Exercise:
From the material below, copy each line that holds the word "Prod".

=== Provided entries ===

lemma path_scale_solution:
  fixes \<alpha> :: "nat \<Rightarrow> 'a::field"
  assumes n: "n \<ge> 3" and nz: "\<forall>i\<in>{1..n}. \<alpha> i \<noteq> 0" and t: "t \<noteq> 0"
  shows "\<exists>c. (\<forall>j\<in>{1..n}. c j \<noteq> 0) \<and> (\<forall>i\<in>{3..n}. (\<Prod>j\<in>Dn_nbrs n i. c j) = \<alpha> i)
           \<and> c 3 = path_scale \<alpha> n t (n - 2)"
proof -
  define c where "c k = (if k = 1 then \<alpha> 3 / path_scale \<alpha> n t (n - 3) else if k = 2 then 1
      else path_scale \<alpha> n t (n + 1 - k))" for k
  have ps_nz: "m \<le> n \<Longrightarrow> path_scale \<alpha> n t m \<noteq> 0" for m
    using path_scale_nonzero[OF t nz] .
  have c_end: "c (n + 1) = 1"
    using n by (simp add: c_def)
  have c_nz: "\<forall>j\<in>{1..n}. c j \<noteq> 0"
    using ps_nz nz n by (auto simp: c_def)
  have at_3: "(\<Prod>j\<in>Dn_nbrs n 3. c j) = \<alpha> 3"
  proof -
    have "(\<Prod>j\<in>Dn_nbrs n 3. c j) = c 1 * c 2 * c 4"
      using c_end n by (cases "n = 3") (auto simp: Dn_nbrs_3 mult_ac)
    then show ?thesis
      using ps_nz[of "n - 3"] by (simp add: c_def)
  qed
  have on_path: "(\<Prod>j\<in>Dn_nbrs n i. c j) = \<alpha> i" if i: "4 \<le> i" "i \<le> n" for i
  proof -
    have "(\<Prod>j\<in>Dn_nbrs n i. c j) = c (i - 1) * c (i + 1)"
      using c_end i by (cases "i = n") (auto simp: Dn_nbrs_path mult_ac)
    moreover have "c (i - 1) = \<alpha> i / path_scale \<alpha> n t (n - i)"
    proof -
      have "i - 1 \<noteq> 1" "i - 1 \<noteq> 2" "n + 1 - (i - 1) = Suc (Suc (n - i))" "n - (n - i) = i"
        using i by auto
      then show ?thesis
        unfolding c_def by (simp only: if_False path_scale.simps)
    qed
    moreover have "c (i + 1) = path_scale \<alpha> n t (n - i)"
      using i by (simp add: c_def)
    ultimately show ?thesis
      using ps_nz[of "n - i"] by simp
  qed
  have "\<forall>i\<in>{3..n}. (\<Prod>j\<in>Dn_nbrs n i. c j) = \<alpha> i"
  proof
    fix i assume "i \<in> {3..n}"
    then show "(\<Prod>j\<in>Dn_nbrs n i. c j) = \<alpha> i"
      using at_3 on_path by (cases "i = 3") auto
  qed
  moreover have "c 3 = path_scale \<alpha> n t (n - 2)"
    by (simp add: c_def numeral_eq_Suc)
  ultimately show ?thesis
    using c_nz by blast
qed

===

Answer to this exercise:
  shows "\<exists>c. (\<forall>j\<in>{1..n}. c j \<noteq> 0) \<and> (\<forall>i\<in>{3..n}. (\<Prod>j\<in>Dn_nbrs n i. c j) = \<alpha> i)
  have at_3: "(\<Prod>j\<in>Dn_nbrs n 3. c j) = \<alpha> 3"
    have "(\<Prod>j\<in>Dn_nbrs n 3. c j) = c 1 * c 2 * c 4"
  have on_path: "(\<Prod>j\<in>Dn_nbrs n i. c j) = \<alpha> i" if i: "4 \<le> i" "i \<le> n" for i
    have "(\<Prod>j\<in>Dn_nbrs n i. c j) = c (i - 1) * c (i + 1)"
  have "\<forall>i\<in>{3..n}. (\<Prod>j\<in>Dn_nbrs n i. c j) = \<alpha> i"
    then show "(\<Prod>j\<in>Dn_nbrs n i. c j) = \<alpha> i"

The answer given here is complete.